Data entries:

lemma spread_levels_impossible:
  assumes F: "x \<in> F" "y \<in> F" "z \<in> F" "w \<in> F" and eq: "n x + n y = n z + n w"
    and ord: "lev x \<le> lev y" "lev z \<le> lev w" "lev w \<le> lev y" "lev y \<le> lev w + 1"
    and spread: "min (lev x) (lev z) + 3 \<le> max (lev x) (lev z)" "min (lev x) (lev z) + 3 < lev y"
  shows False
proof (cases "lev z \<le> lev x")
  case True
  have eq': "n x + n y = n w + n z" using eq by simp
  show False
  proof (cases "lev x \<le> lev w")
    case True
    then show False
      using carry_impossible[OF F(1,2,4,3) eq', of "lev x"] \<open>lev z \<le> lev x\<close> spread ord
        level_ge[OF F(1)] by simp
  next
    case False
    then show False
      using carry_impossible[OF F(1,2,4,3) eq', of "lev w"] \<open>lev z \<le> lev x\<close> spread ord
        level_ge[OF F(4)] by simp
  qed
next
  case False
  have eq': "n z + n w = n y + n x" using eq by simp
  show False
    using carry_impossible[OF F(3,4,2,1) eq', of "lev z"] False spread ord level_ge[OF F(3)] by simp
qed

lemma doubleton_eq_of_narrow_levels:
  assumes F: "x \<in> F" "y \<in> F" "z \<in> F" "w \<in> F" and eq: "n x + n y = n z + n w"
    and ord: "lev x \<le> lev y" "lev z \<le> lev w" "lev w \<le> lev y" "lev y \<le> lev w + 1"
    and narrow: "max (lev x) (lev z) \<le> min (lev x) (lev z) + 2"
    and large: "100 * (min (lev x) (lev z))\<^sup>2 < 35 * (max (lev x) (lev z) + 1)\<^sup>2 + 35 * (lev y + 1)\<^sup>2"
  shows "{x, y} = {z, w}"
proof -
  define m u where "m = min (lev x) (lev z)" and "u = max (lev x) (lev z)"
  have m: "200 \<le> m" using level_ge F unfolding m_def by (simp add: min_def)
  have "m \<le> lev y" using ord unfolding m_def by simp
  then have gap: "u + 3 \<le> lev w" "35 * (lev y + 1)\<^sup>2 + 100 * (u + 2)\<^sup>2 \<le> 100 * (lev w)\<^sup>2"
    using square_gap_large[OF m _ _ ord(4,3)] narrow large unfolding m_def[symmetric] u_def[symmetric]
    by simp_all
  have "\<forall>i\<in>{u + 3..lev w}. cong y w i"
    using cong_of_gap[OF F eq] ord(3) unfolding u_def by auto
  moreover have "(lev w + 1)\<^sup>2 \<le> (lev y + 1)\<^sup>2" using ord(3) by (simp only: power_mono add_le_mono1)
  then have "deg y + (u + 2)\<^sup>2 < (lev w)\<^sup>2" "deg w + (u + 2)\<^sup>2 < (lev w)\<^sup>2"
    using degree_less[OF F(2)] degree_less[OF F(4)] gap(2) by linarith+
  ultimately have "y = w"
    using eq_of_cong[OF F(2,4), of "u + 3" "lev w"] by simp
  have "(lev x + 1)\<^sup>2 \<le> (m + 4)\<^sup>2" "(lev z + 1)\<^sup>2 \<le> (m + 4)\<^sup>2"
    using narrow unfolding m_def by (simp_all add: power_mono)
  then have "deg x < m\<^sup>2" "deg z < m\<^sup>2"
    using degree_less[OF F(1)] degree_less[OF F(3)] square_plus_4_le[OF m] by linarith+
  moreover have "\<forall>i\<in>{1..m}. cong x z i"
    using prod_cong_cancel[OF F(1,2,3)] prod_cong_of_eq[OF F(1,2,3,2)] eq \<open>y = w\<close> ord
    unfolding m_def by auto
  ultimately have "x = z"
    using eq_of_cong[OF F(1,3), of 1 m] by simp
  with \<open>y = w\<close> show ?thesis by simp
qed

lemma doubleton_eq_wlog:
  assumes F: "x \<in> F" "y \<in> F" "z \<in> F" "w \<in> F" and eq: "n x + n y = n z + n w"
    and ord: "lev x \<le> lev y" "lev z \<le> lev w" "lev w \<le> lev y"
  shows "{x, y} = {z, w}"
proof -
  define m u where "m = min (lev x) (lev z)" and "u = max (lev x) (lev z)"
  have m: "200 \<le> m" using level_ge F unfolding m_def by (simp add: min_def)
  have top: "lev y \<le> lev w + 1"
  proof (rule ccontr)
    assume "\<not> lev y \<le> lev w + 1"
    then show False using level_gap_impossible[OF F eq] ord by simp
  qed
  have low: "m \<le> lev x" "m \<le> lev y" "m \<le> lev z" "m \<le> lev w"
    using ord unfolding m_def by auto
  consider "lev y \<le> m + 3" | "u \<le> m + 2" | "m + 3 \<le> u" "m + 3 < lev y"
    by linarith
  then show ?thesis
  proof cases
    case 1
    then show ?thesis
      using doubleton_eq_of_levels_bounded[OF F eq low, of "m + 4" "m + 4"] square_plus_4_le[OF m] ord
      unfolding m_def by simp
  next
    case 2
    show ?thesis
    proof (cases "35 * (u + 1)\<^sup>2 + 35 * (lev y + 1)\<^sup>2 \<le> 100 * m\<^sup>2")
      case True
      then show ?thesis
        using doubleton_eq_of_levels_bounded[OF F eq low, of "u + 1" "lev y + 1"] ord
        unfolding u_def by simp
    next
      case False
      then show ?thesis
        using doubleton_eq_of_narrow_levels[OF F eq ord top] 2 unfolding m_def u_def by simp
    qed
  next
    case 3
    then show ?thesis
      using spread_levels_impossible[OF F eq ord top] unfolding m_def u_def by simp
  qed
qed

lemma doubleton_eq_of_max_right:
  assumes F: "x \<in> F" "y \<in> F" "z \<in> F" "w \<in> F" and eq: "n x + n y = n z + n w"
    and ord: "lev x \<le> lev y" "lev z \<le> lev y" "lev w \<le> lev y"
  shows "{x, y} = {z, w}"
proof (cases "lev z \<le> lev w")
  case True
  then show ?thesis using doubleton_eq_wlog[OF F eq] ord by simp
next
  case False
  have "n x + n y = n w + n z" using eq by simp
  then have "{x, y} = {w, z}"
    using doubleton_eq_wlog[OF F(1,2,4,3)] False ord by simp
  then show ?thesis by blast
qed

theorem doubleton_eq:
  assumes F: "x \<in> F" "y \<in> F" "z \<in> F" "w \<in> F" and eq: "n x + n y = n z + n w"
  shows "{x, y} = {z, w}"
proof -
  have eq_yx: "n y + n x = n z + n w" and eq_wz: "n w + n z = n x + n y" and eq_zw: "n z + n w = n x + n y"
    using eq by simp_all
  consider "lev x \<le> lev y" "lev z \<le> lev y" "lev w \<le> lev y"
    | "lev y \<le> lev x" "lev z \<le> lev x" "lev w \<le> lev x"
    | "lev x \<le> lev z" "lev y \<le> lev z" "lev w \<le> lev z"
    | "lev x \<le> lev w" "lev y \<le> lev w" "lev z \<le> lev w"
    by linarith
  then show ?thesis
  proof cases
    case 1
    then show ?thesis using doubleton_eq_of_max_right[OF F eq] by simp
  next
    case 2
    then have "{y, x} = {z, w}" using doubleton_eq_of_max_right[OF F(2,1,3,4) eq_yx] by simp
    then show ?thesis by blast
  next
    case 3
    then have "{w, z} = {x, y}" using doubleton_eq_of_max_right[OF F(4,3,1,2) eq_wz] by simp
    then show ?thesis by blast
  next
    case 4
    then have "{z, w} = {x, y}" using doubleton_eq_of_max_right[OF F(3,4,1,2) eq_zw] by simp
    then show ?thesis by blast
  qed
qed

end

section \<open>The numbers \<open>n\<^sub>f\<close>\<close>

lemma Fam_E:
  assumes "f \<in> Fam R k"
  obtains i where "1 \<le> i" "cc * real k ^ 2 \<le> real (2 * i)" "real (2 * i) < cc * (real k + 1) ^ 2"
    "f \<in> Irr R (2 * i)"
  using assms unfolding Fam_def by blast

lemma Fam_unique:
  assumes "f \<in> Fam R k" "f \<in> Fam R k'"
  shows "k = k'"
proof -
  have below_next: "real (2 * i) < cc * real k'' ^ 2"
    if mem: "f \<in> Fam R k" and irr: "f \<in> Irr R (2 * i)" and less: "k < k''" for k k'' i
  proof -
    obtain j where j: "real (2 * j) < cc * (real k + 1) ^ 2" "f \<in> Irr R (2 * j)"
      using Fam_E[OF mem] by metis
    have "j = i" using j(2) irr by (auto simp: Irr_def)
    moreover have "cc * (real k + 1) ^ 2 \<le> cc * real k'' ^ 2"
      using less by (intro mult_left_mono power_mono) (auto simp: cc_def)
    ultimately show ?thesis using j(1) by simp
  qed
  obtain i where i: "cc * real k ^ 2 \<le> real (2 * i)" "f \<in> Irr R (2 * i)"
    using Fam_E[OF assms(1)] by metis
  obtain i' where i': "cc * real k' ^ 2 \<le> real (2 * i')" "f \<in> Irr R (2 * i')"
    using Fam_E[OF assms(2)] by metis
  have "i = i'" using i(2) i'(2) by (auto simp: Irr_def)
  show "k = k'"
  proof (rule linorder_cases[of k k'])
    assume "k < k'"
    then show ?thesis using below_next[OF assms(1) i(2), of k'] i' \<open>i = i'\<close> by simp
  next
    assume "k' < k"
    then show ?thesis using below_next[OF assms(2) i'(2), of k] i \<open>i = i'\<close> by simp
  qed
qed

lemma kof_eq: "f \<in> Fam R k \<Longrightarrow> kof R f = k"
  unfolding kof_def using Fam_unique by blast

lemma Fam_degree:
  assumes "f \<in> Fam R k"
  obtains j where "1 \<le> j" "f \<in> Irr R (2 * j)" "100 * degree f < 35 * (k + 1)\<^sup>2"
proof -
  obtain j where j: "1 \<le> j" "real (2 * j) < cc * (real k + 1) ^ 2" "f \<in> Irr R (2 * j)"
    using Fam_E[OF assms] by metis
  have "real (100 * (2 * j)) < real (35 * (k + 1)\<^sup>2)"
    using j(2) by (simp add: cc_def add.commute)
  then have "100 * degree f < 35 * (k + 1)\<^sup>2"
    using j(3) unfolding Irr_def by (simp only: of_nat_less_iff) simp
  with j show thesis using that by blast
qed

lemma sum_odd_interval:
  "1 \<le> lo \<Longrightarrow> lo \<le> hi + 1 \<Longrightarrow> (\<Sum>i\<in>{lo..hi}. 2 * i - 1) + (lo - 1)\<^sup>2 = (hi::nat)\<^sup>2"
proof (induction hi)
  case (Suc hi)
  show ?case
  proof (cases "lo \<le> hi + 1")
    case True
    then have "{lo..Suc hi} = insert (Suc hi) {lo..hi}" by auto
    then show ?thesis
      using Suc.IH[OF Suc.prems(1) True] by (simp add: power2_eq_square)
  next
    case False
    then show ?thesis using Suc.prems by simp
  qed
qed simp

locale sidon_construction = field R for R (structure) +
  fixes p :: nat and A :: "nat set" and C0 :: real and g w :: "nat \<Rightarrow> 'a list"
    and r :: "'a list \<Rightarrow> nat \<Rightarrow> nat" and s :: "'a list \<Rightarrow> nat"
  assumes finite_carrier: "finite (carrier R)"
    and card_ge: "C0 \<le> real (card (carrier R))" and C0_ge: "1000 \<le> C0"
    and p_ge: "2 \<le> p" and A_subset: "A \<subseteq> {1 .. p div 2 - 1}"
    and A_sum_free: "\<forall>a\<in>A. \<forall>x\<in>A. \<forall>y\<in>A. a \<noteq> x + y \<and> a \<noteq> x + y + 1"
    and g_w: "\<forall>i \<ge> 1. g i \<in> Irr R (2 * i - 1) \<and> is_gen R (g i) (w i)"
    and r_s: "\<forall>k f. C0 \<le> real k \<and> f \<in> Fam R k \<longrightarrow>
              (\<forall>i \<in> {1..k}. r f i \<in> A) \<and> s f \<in> {1 .. card (carrier R) ^ (3 * k)}"
begin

Task =
Please return the lines above that run from the line containing "using assms unfolding Fam_def by blast" to the line containing "unfolding kof_def using Fam_unique by blast", inclusive, exactly and with no other lines.

Solution =
  using assms unfolding Fam_def by blast

lemma Fam_unique:
  assumes "f \<in> Fam R k" "f \<in> Fam R k'"
  shows "k = k'"
proof -
  have below_next: "real (2 * i) < cc * real k'' ^ 2"
    if mem: "f \<in> Fam R k" and irr: "f \<in> Irr R (2 * i)" and less: "k < k''" for k k'' i
  proof -
    obtain j where j: "real (2 * j) < cc * (real k + 1) ^ 2" "f \<in> Irr R (2 * j)"
      using Fam_E[OF mem] by metis
    have "j = i" using j(2) irr by (auto simp: Irr_def)
    moreover have "cc * (real k + 1) ^ 2 \<le> cc * real k'' ^ 2"
      using less by (intro mult_left_mono power_mono) (auto simp: cc_def)
    ultimately show ?thesis using j(1) by simp
  qed
  obtain i where i: "cc * real k ^ 2 \<le> real (2 * i)" "f \<in> Irr R (2 * i)"
    using Fam_E[OF assms(1)] by metis
  obtain i' where i': "cc * real k' ^ 2 \<le> real (2 * i')" "f \<in> Irr R (2 * i')"
    using Fam_E[OF assms(2)] by metis
  have "i = i'" using i(2) i'(2) by (auto simp: Irr_def)
  show "k = k'"
  proof (rule linorder_cases[of k k'])
    assume "k < k'"
    then show ?thesis using below_next[OF assms(1) i(2), of k'] i' \<open>i = i'\<close> by simp
  next
    assume "k' < k"
    then show ?thesis using below_next[OF assms(2) i'(2), of k] i \<open>i = i'\<close> by simp
  qed
qed

lemma kof_eq: "f \<in> Fam R k \<Longrightarrow> kof R f = k"
  unfolding kof_def using Fam_unique by blast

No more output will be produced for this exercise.